Let $Y' \to Y$ be a morphism of schemes which is locally of finite type. Let $(\mathcal{L}', s', i' : D' \to Y')$ be as in Definition 42.29.1 with pullback $(\mathcal{N}', t', j' : E' \to X')$ to $X'$. We have to show that $c \cap (i')^*\alpha ' = (j')^*(c \cap \alpha ')$ for all $\alpha ' \in \mathop{\mathrm{CH}}\nolimits _ k(Y')$.

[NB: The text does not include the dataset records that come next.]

lemma hermitian_diff:
  assumes "hermitian A" "hermitian B"
  shows "hermitian (A - B)"
  unfolding hermitian_def by (simp add: hermitian_cnj[OF assms(1)] hermitian_cnj[OF assms(2)])

lemma hermitian_scaleR_mat_1: "hermitian ((r::real) *\<^sub>R mat 1)"
  unfolding hermitian_def by (simp add: mat_def)

lemma hermitian_matrix_square:
  assumes "hermitian M"
  shows "hermitian (M ** M)"
  unfolding hermitian_def
  by (simp add: matrix_matrix_mult_def hermitian_cnj[OF assms] mult.commute)

lemma hermitian_expectation:
  assumes "finite (set_pmf q)" "\<And>z. z \<in> set_pmf q \<Longrightarrow> hermitian (g z)"
  shows "hermitian (measure_pmf.expectation q g)"
  unfolding hermitian_def expectation_finite_support[OF assms(1)]
  by (simp add: sum_component cnj_sum hermitian_cnj[OF assms(2)] cong: sum.cong)

lemma of_real_norm_power2_vec: "of_real (norm v ^ 2) = (\<Sum>i\<in>UNIV. cnj (v $ i) * v $ i)"
proof -
  have "norm v ^ 2 = (\<Sum>i\<in>UNIV. (cmod (v $ i))\<^sup>2)"
    by (simp add: norm_vec_def L2_set_def sum_nonneg)
  then have "of_real (norm v ^ 2) = (\<Sum>i\<in>UNIV. (of_real (cmod (v $ i)))\<^sup>2 :: complex)"
    by simp
  also have "\<dots> = (\<Sum>i\<in>UNIV. cnj (v $ i) * v $ i)"
    by (rule sum.cong) (simp_all add: complex_norm_square[symmetric] mult.commute)
  finally show ?thesis .
qed

lemma hermitian_adjoint:
  assumes "hermitian M"
  shows "(\<Sum>i\<in>UNIV. cnj (v $ i) * (M *v w) $ i) = (\<Sum>j\<in>UNIV. cnj ((M *v v) $ j) * w $ j)"
proof -
  have "(\<Sum>i\<in>UNIV. cnj (v $ i) * (M *v w) $ i) = (\<Sum>i\<in>UNIV. \<Sum>j\<in>UNIV. cnj (v $ i) * M $ i $ j * w $ j)"
    by (simp add: matrix_vector_mult_def sum_distrib_left mult.assoc)
  also have "\<dots> = (\<Sum>j\<in>UNIV. \<Sum>i\<in>UNIV. cnj (v $ i) * M $ i $ j * w $ j)"
    by (rule sum.swap)
  also have "\<dots> = (\<Sum>j\<in>UNIV. cnj ((M *v v) $ j) * w $ j)"
    by (simp add: matrix_vector_mult_def sum_distrib_left sum_distrib_right hermitian_cnj[OF assms] mult_ac)
  finally show ?thesis .
qed

lemma quad_form_diff: "quad_form (A - B) v = quad_form A v - quad_form B v"
  by (simp add: quad_form_def matrix_vector_mult_diff_rdistrib right_diff_distrib sum_subtractf)

lemma quad_form_scaleR_mat_1: "quad_form (r *\<^sub>R mat 1) v = of_real (r * norm v ^ 2)"
proof -
  have "quad_form (r *\<^sub>R mat 1) v = of_real r * (\<Sum>i\<in>UNIV. cnj (v $ i) * v $ i)"
    unfolding quad_form_def scaleR_matrix_vector_mult matrix_vector_mul_lid vector_scaleR_component
    by (simp add: scaleR_conv_of_real sum_distrib_left mult_ac)
  then show ?thesis
    by (simp only: of_real_norm_power2_vec of_real_mult)
qed

lemma quad_form_hermitian_square:
  assumes "hermitian M"
  shows "quad_form (M ** M) v = of_real (norm (M *v v) ^ 2)"
  by (simp only: quad_form_def matrix_vector_mul_assoc[symmetric]
      hermitian_adjoint[OF assms, of v "M *v v"] of_real_norm_power2_vec)

lemma loewner_le_hermitian_square:
  assumes "hermitian M" "op_norm M \<le> c"
  shows "loewner_le (M ** M) (c\<^sup>2 *\<^sub>R mat 1)"
proof -
  have "norm (M *v v) \<le> c * norm v" for v
    using norm_matrix_vector_le_op_norm[of M v] assms(2) by (meson mult_right_mono norm_ge_zero order_trans)
  then have "norm (M *v v) ^ 2 \<le> c\<^sup>2 * norm v ^ 2" for v
    by (metis norm_ge_zero power_mono power_mult_distrib)
  then show ?thesis
    unfolding loewner_le_def psd_def
    by (simp add: quad_form_diff quad_form_scaleR_mat_1 quad_form_hermitian_square assms(1)
        hermitian_diff hermitian_scaleR_mat_1 hermitian_matrix_square)
qed
section \<open>Coordinate vectors and the group law of U\<close>

text \<open>The group law of U in root coordinates: x(d) x(e) = x(d4_mul d e), where
  x(d) = x_1(d_1) ... x_12(d_12) (lemma xvec_mult below).\<close>

definition d4_mul :: "(nat \<Rightarrow> 'a::comm_ring_1) \<Rightarrow> (nat \<Rightarrow> 'a) \<Rightarrow> nat \<Rightarrow> 'a" where
  "d4_mul d e i =
    (if i = 5 then d 5 + e 5 - d 3 * e 1
     else if i = 6 then d 6 + e 6 - d 3 * e 2
     else if i = 7 then d 7 + e 7 - d 4 * e 3
     else if i = 8 then d 8 + e 8 + d 5 * e 2 + d 6 * e 1 - d 3 * e 1 * e 2
     else if i = 9 then d 9 + e 9 + d 5 * e 4 - d 7 * e 1 - d 3 * d 4 * e 1 - d 3 * e 1 * e 4
     else if i = 10 then d 10 + e 10 + d 6 * e 4 - d 7 * e 2 - d 3 * d 4 * e 2 - d 3 * e 2 * e 4
     else if i = 11 then d 11 + e 11 + d 8 * e 4 + d 9 * e 2 + d 10 * e 1 + d 5 * e 2 * e 4
       + d 6 * e 1 * e 4 - d 7 * e 1 * e 2 - d 3 * d 4 * e 1 * e 2 - d 3 * e 1 * e 2 * e 4
     else if i = 12 then d 12 + e 12 - d 8 * e 7 + d 9 * e 6 + d 10 * e 5 + d 11 * e 3
       + d 5 * d 6 * e 4 - d 5 * d 7 * e 2 - d 5 * e 2 * e 7 + d 5 * e 4 * e 6 - d 6 * d 7 * e 1
       - d 6 * e 1 * e 7 + d 6 * e 4 * e 5 - d 7 * e 1 * e 6 - d 7 * e 2 * e 5 + d 9 * e 2 * e 3
       + d 10 * e 1 * e 3 - d 3 * d 4 * d 5 * e 2 - d 3 * d 4 * d 6 * e 1 - d 3 * d 4 * e 1 * e 6
       - d 3 * d 4 * e 2 * e 5 - d 3 * d 5 * e 2 * e 4 - d 3 * d 6 * e 1 * e 4
       + d 3 * d 7 * e 1 * e 2 + d 3 * e 1 * e 2 * e 7 - d 3 * e 1 * e 4 * e 6
       - d 3 * e 2 * e 4 * e 5 - d 7 * e 1 * e 2 * e 3 + d 3 ^ 2 * d 4 * e 1 * e 2
       + d 3 ^ 2 * e 1 * e 2 * e 4 - d 3 * d 4 * e 1 * e 2 * e 3
     else d i + e i)"

definition closed_additive :: "((nat \<Rightarrow> 'a::{plus,zero}) \<Rightarrow> (nat \<Rightarrow> 'a) \<Rightarrow> nat \<Rightarrow> 'a) \<Rightarrow> nat set \<Rightarrow> nat \<Rightarrow> bool"
  where "closed_additive mul I a \<longleftrightarrow>
    (\<forall>d e. (\<forall>i\<in>I. d i = 0) \<longrightarrow> (\<forall>i\<in>I. e i = 0) \<longrightarrow>
      (\<forall>i\<in>I. mul d e i = 0) \<and> mul d e a = d a + e a)"

lemma upt13: "[1..<13] = [1,2,3,4,5,6,7,8,9,10,11,12::nat]"
  by (simp add: upt_rec)

section \<open>The root system: heights, hooks, legs and closedness\<close>

definition RL :: "int list list" where
  "RL = [[1,0,0,0],[0,1,0,0],[0,0,1,0],[0,0,0,1],[1,0,1,0],[0,1,1,0],
         [0,0,1,1],[1,1,1,0],[1,0,1,1],[0,1,1,1],[1,1,1,1],[1,1,2,1]]"

lemma Phi_plus_RL: "Phi_plus = set RL"
  unfolding Phi_plus_def RL_def atLeastAtMost_upt
  by (auto simp: upt_rec pos_root_def)

lemma pos_root_Phi_plus: "i \<in> {1..12} \<Longrightarrow> pos_root i \<in> Phi_plus"
  unfolding Phi_plus_def by (rule imageI)

lemma ht_radd: "length u = length v \<Longrightarrow> ht (radd u v) = ht u + ht v"
proof (induction u arbitrary: v)
  case (Cons c u)
  then obtain b w where "v = b # w" by (cases v) auto
  with Cons show ?case by (simp add: radd_def ht_def)
qed (simp add: radd_def ht_def)

lemma positive_root_shape: "r \<in> Phi_plus \<Longrightarrow> length r = 4 \<and> ht r > 0"
  unfolding Phi_plus_RL RL_def by (auto simp: ht_def)

lemma rzero_shape: "length rzero = 4 \<and> ht rzero = 0"
  by (simp add: rzero_def ht_def)

lemma hook_height: "\<gamma> \<in> hook \<alpha> \<Longrightarrow> ht \<gamma> \<le> ht \<alpha>"
proof -
  assume "\<gamma> \<in> hook \<alpha>"
  then obtain \<gamma>' where \<gamma>: "\<gamma> \<in> Phi_plus" and \<gamma>': "\<gamma>' \<in> Phi_plus \<union> {rzero}"
    and sum: "radd \<gamma> \<gamma>' = \<alpha>"
    unfolding hook_def by blast
  have "length \<gamma>' = 4 \<and> ht \<gamma>' \<ge> 0"
    using \<gamma>' positive_root_shape rzero_shape by fastforce
  moreover have "length \<gamma> = 4"
    using positive_root_shape[OF \<gamma>] by simp
  ultimately show ?thesis
    using ht_radd[of \<gamma> \<gamma>'] sum by simp
qed

lemma higher_root_not_in_leg: "ht \<alpha> < ht \<gamma> \<Longrightarrow> \<gamma> \<notin> leg \<alpha>"
  using hook_height unfolding leg_def by fastforce

text \<open>A sum of two positive roots that is a root is a positive root (negative roots have
  negative height).\<close>

lemma positive_sum_root:
  assumes u: "u \<in> Phi_plus" and v: "v \<in> Phi_plus" and root: "radd u v \<in> Phi"
  shows "radd u v \<in> Phi_plus"
proof (rule ccontr)
  assume "radd u v \<notin> Phi_plus"
  with root obtain r where r: "r \<in> Phi_plus" "radd u v = map uminus r"
    unfolding Phi_def by blast
  have "ht (map uminus r) = - ht r"
    unfolding ht_def by (induction r) simp_all
  then show False
    using r ht_radd[of u v] positive_root_shape[OF u] positive_root_shape[OF v]
      positive_root_shape[OF r(1)] by simp
qed

lemma radd_sub: "length u = length v \<Longrightarrow> radd u (map2 (-) v u) = v"
  by (induction u v rule: list_induct2) (simp_all add: radd_def)

lemma sub_radd: "length u = length v \<Longrightarrow> map2 (-) (radd u v) u = v"
  by (induction u v rule: list_induct2) (simp_all add: radd_def)

lemma mem_hook:
  assumes \<alpha>: "length \<alpha> = 4"
  shows "\<gamma> \<in> hook \<alpha> \<longleftrightarrow> \<gamma> \<in> set RL \<and> map2 (-) \<alpha> \<gamma> \<in> set (rzero # RL)"
proof -
  have "(\<exists>\<gamma>'\<in>Phi_plus \<union> {rzero}. radd \<gamma> \<gamma>' = \<alpha>) \<longleftrightarrow> map2 (-) \<alpha> \<gamma> \<in> Phi_plus \<union> {rzero}"
    if \<gamma>: "\<gamma> \<in> Phi_plus"
  proof -
    have len: "length \<gamma>' = length \<gamma>" if "\<gamma>' \<in> Phi_plus \<union> {rzero}" for \<gamma>'
      using that positive_root_shape[OF \<gamma>] positive_root_shape rzero_shape by auto
    show ?thesis
      using radd_sub[of \<gamma> \<alpha>] sub_radd[of \<gamma>] len \<alpha> positive_root_shape[OF \<gamma>] by metis
  qed
  then show ?thesis
    unfolding hook_def Phi_plus_RL by auto
qed

lemma closed_complement:
  assumes L: "L \<subseteq> Phi_plus" and \<alpha>: "\<alpha> \<in> Phi_plus - L"
    and split: "\<And>\<gamma> u. \<gamma> \<in> L \<Longrightarrow> u \<in> Phi_plus \<Longrightarrow> map2 (-) \<gamma> u \<in> Phi_plus \<Longrightarrow>
      u \<in> L \<or> map2 (-) \<gamma> u \<in> L"
  shows "closed (Phi_plus - L)"
proof -
  have "radd u v \<in> Phi_plus - L \<or> radd u v \<notin> Phi" if u: "u \<in> Phi_plus - L" and v: "v \<in> Phi_plus - L" for u v
  proof (rule disjCI)
    assume "\<not> radd u v \<notin> Phi"
    then have "radd u v \<in> Phi_plus"
      using positive_sum_root u v by blast
    moreover have "map2 (-) (radd u v) u = v"
      using sub_radd positive_root_shape u v by simp
    ultimately show "radd u v \<in> Phi_plus - L"
      using split[of "radd u v" u] u v by auto
  qed
  moreover have "Phi_plus - L \<noteq> {}" using \<alpha> by blast
  moreover have "Phi_plus - L \<subseteq> Phi" unfolding Phi_def by blast
  ultimately show ?thesis unfolding closed_def by blast
qed

text \<open>Weak congruence rules: with them the simplifier evaluates map, filter and list_all over
  an explicit list element by element instead of rewriting under the binder first.\<close>

lemma map_weak_cong: "xs = ys \<Longrightarrow> map f xs = map f ys"
  and filter_weak_cong: "xs = ys \<Longrightarrow> filter P xs = filter P ys"
  and list_all_weak_cong: "xs = ys \<Longrightarrow> list_all P xs = list_all P ys"
  by simp_all

definition leg_index :: "nat \<Rightarrow> nat set" where
  "leg_index a = {i \<in> {1..12}. pos_root i \<in> leg (pos_root a)}"

definition leg_table :: "nat list list" where
  "leg_table = [[], [], [], [], [1], [2], [4], [1,2], [1,4], [2,4], [1,2,4], [3,5,6,7]]"

lemma leg_index_table: "map leg_index [1..<13] = map set leg_table"
proof -
  have "leg_index a = set (filter (\<lambda>i. pos_root i \<in> leg (pos_root a)) [1..<13])" for a
    unfolding leg_index_def by auto
  then show ?thesis
    unfolding upt13 leg_table_def
    by (simp cong: map_weak_cong filter_weak_cong
        add: mem_hook leg_def arm_def RL_def pos_root_def rzero_def)
qed

lemma list_all_zip_lookup:
  assumes "length xs = length ys" "map f xs = map g ys" "list_all P (zip xs ys)" "x \<in> set xs"
  shows "\<exists>y. f x = g y \<and> P (x, y)"
  using assms by (induction xs ys rule: list_induct2) auto

lemma leg_table_instance:
  assumes "list_all P (zip [1..<13] leg_table)" and "a \<in> {1..12}"
  obtains L where "leg_index a = set L" and "P (a, L)"
proof -
  have "length [1..<13] = length leg_table" by (simp add: leg_table_def)
  moreover have "a \<in> set [1..<13]" using assms(2) by auto
  ultimately show ?thesis
    using list_all_zip_lookup[OF _ leg_index_table assms(1)] that by blast
qed

lemma leg_image: "leg (pos_root a) = pos_root ` leg_index a"
proof -
  have "leg (pos_root a) \<subseteq> Phi_plus"
    unfolding leg_def hook_def by blast
  then show ?thesis
    unfolding leg_index_def Phi_plus_def by blast
qed

lemma leg_index_complement:
  "{i \<in> {1..12}. pos_root i \<notin> Phi_plus - leg (pos_root a)} = leg_index a"
  unfolding leg_index_def using pos_root_Phi_plus by blast

text \<open>Only elements of legs
  that are sums of two positive roots matter, and for each of them one summand lies in the
  leg as well (a finite check on the table).\<close>

lemma closed_leg_complement:
  assumes a: "a \<in> {1..12}"
  shows "closed (Phi_plus - leg (pos_root a))"
proof (rule closed_complement)
  show "leg (pos_root a) \<subseteq> Phi_plus"
    unfolding leg_def hook_def by blast
  show "pos_root a \<in> Phi_plus - leg (pos_root a)"
    using pos_root_Phi_plus[OF a] unfolding leg_def by blast
  let ?split = "\<lambda>(a::nat, L). list_all (\<lambda>\<gamma>. list_all (\<lambda>u.
      map2 (-) \<gamma> u \<in> set RL \<longrightarrow> u \<in> set (map pos_root L) \<or> map2 (-) \<gamma> u \<in> set (map pos_root L))
      RL) (map pos_root L)"
  have "list_all ?split (zip [1..<13] leg_table)"
    unfolding upt13 leg_table_def
    by (simp cong: list_all_weak_cong add: RL_def pos_root_def)
  then obtain L where L: "leg_index a = set L" and "?split (a, L)"
    using leg_table_instance a by blast
  then have "\<forall>\<gamma>\<in>leg (pos_root a). \<forall>u\<in>Phi_plus. map2 (-) \<gamma> u \<in> Phi_plus \<longrightarrow>
      u \<in> leg (pos_root a) \<or> map2 (-) \<gamma> u \<in> leg (pos_root a)"
    unfolding leg_image L Phi_plus_RL list_all_iff by simp
  then show "u \<in> leg (pos_root a) \<or> map2 (-) \<gamma> u \<in> leg (pos_root a)"
    if "\<gamma> \<in> leg (pos_root a)" "u \<in> Phi_plus" "map2 (-) \<gamma> u \<in> Phi_plus" for \<gamma> u
    using that by blast
qed

text \<open>On the coordinate vectors vanishing on a leg the group law is closed and additive at a:
  no collection of two such elements produces a term in X_a or in the leg.\<close>

lemma closed_additive_leg:
  "a \<in> {1..12} \<Longrightarrow> closed_additive (d4_mul :: _ \<Rightarrow> _ \<Rightarrow> _ \<Rightarrow> 'a::comm_ring_1) (leg_index a) a"
proof -
  assume a: "a \<in> {1..12}"
  let ?law = "\<lambda>(a, L). closed_additive (d4_mul :: _ \<Rightarrow> _ \<Rightarrow> _ \<Rightarrow> 'a) (set L) a"
  have "list_all ?law (zip [1..<13] leg_table)"
    unfolding upt13 leg_table_def
    by (simp cong: list_all_weak_cong add: closed_additive_def d4_mul_def)
  then obtain L where "leg_index a = set L" and "?law (a, L)"
    using leg_table_instance a by blast
  then show ?thesis by simp
qed
lemma (in ring) maximal_left_ideal_mult_add_eq:
  assumes M: "maximal_left_ideal R M" and L: "left_ideal R L" and L_proper: "L \<noteq> carrier R"
    and r: "r \<in> carrier R" and colon_subset: "{a \<in> carrier R. a \<otimes> r \<in> M} \<subseteq> L"
  shows "{x. \<exists>a \<in> L. \<exists>m \<in> M. x = a \<otimes> r \<oplus> m} = M" (is "?N = M")
proof -
  note M_left = maximal_left_idealD(1)[OF M]
  have "M \<subseteq> ?N"
  proof
    fix m assume "m \<in> M"
    moreover have "m = \<zero> \<otimes> r \<oplus> m" using \<open>m \<in> M\<close> left_ideal_subset[OF M_left] r by auto
    ultimately show "m \<in> ?N" using left_ideal_zero[OF L] by blast
  qed
  moreover have "?N \<noteq> carrier R"
  proof
    assume "?N = carrier R"
    then obtain a m where a: "a \<in> L" and m: "m \<in> M" and r_eq: "r = a \<otimes> r \<oplus> m"
      using r by blast
    have carr: "a \<in> carrier R" "m \<in> carrier R"
      using a m left_ideal_subset[OF L] left_ideal_subset[OF M_left] by blast+
    \<comment> \<open>\<open>r = a r + m\<close> puts \<open>\<one> \<ominus> a\<close> into the colon ideal \<open>(M : r) \<subseteq> L\<close>, hence \<open>\<one> \<in> L\<close>\<close>
    have "(\<one> \<ominus> a) \<otimes> r = r \<ominus> a \<otimes> r" using carr r by (simp add: l_minus l_distr a_minus_def)
    also have "\<dots> = (a \<otimes> r \<oplus> m) \<ominus> a \<otimes> r"
      using r_eq by (rule arg_cong[of _ _ "\<lambda>x. x \<ominus> a \<otimes> r"])
    also have "\<dots> = m" using carr r by algebra
    finally have "\<one> \<ominus> a \<in> L" using colon_subset m carr by auto
    then have "(\<one> \<ominus> a) \<oplus> a \<in> L" using a left_ideal_add[OF L] by blast
    moreover have "(\<one> \<ominus> a) \<oplus> a = \<one>" using carr by algebra
    ultimately show False using left_ideal_one_imp_carrier[OF L] L_proper by simp
  qed
  ultimately show ?thesis
    using maximal_left_idealD(3)[OF M left_ideal_mult_add[OF L M_left r]] by blast
qed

Denote $g : Y'' \to Y'$ the smooth morphism of relative dimension $1$ with $i'' : D'' \to Y''$ and $p : D'' \to D'$ constructed in Lemma 42.32.7. (Warning: $D''$ isn't the full inverse image of $D'$.) Denote $f : X'' \to X'$ and $E'' \subset X''$ their base changes by $X' \to Y'$. Picture
\[ \xymatrix{ & X'' \ar[rr] \ar '[d][dd]_ h & & Y'' \ar[dd]^ g \\ E'' \ar[rr] \ar[dd]_ q \ar[ru]^{j''} & & D'' \ar[dd]^ p \ar[ru]^{i''} & \\ & X' \ar '[r][rr] & & Y' \\ E' \ar[rr] \ar[ru]^{j'} & & D' \ar[ru]^{i'} } \]
By the properties given in the lemma we know that $\beta ' = (i')^*\alpha '$ is the unique element of $\mathop{\mathrm{CH}}\nolimits _{k - 1}(D')$ such that $p^*\beta ' = (i'')^*g^*\alpha '$. Similarly, we know that $\gamma ' = (j')^*(c \cap \alpha ')$ is the unique element of $\mathop{\mathrm{CH}}\nolimits _{k - 1 - p}(E')$ such that $q^*\gamma ' = (j'')^*h^*(c \cap \alpha ')$. Since we know that
\[ (j'')^*h^*(c \cap \alpha ') = (j'')^*(c \cap g^*\alpha ') = c \cap (i'')^*g^*\alpha ' \]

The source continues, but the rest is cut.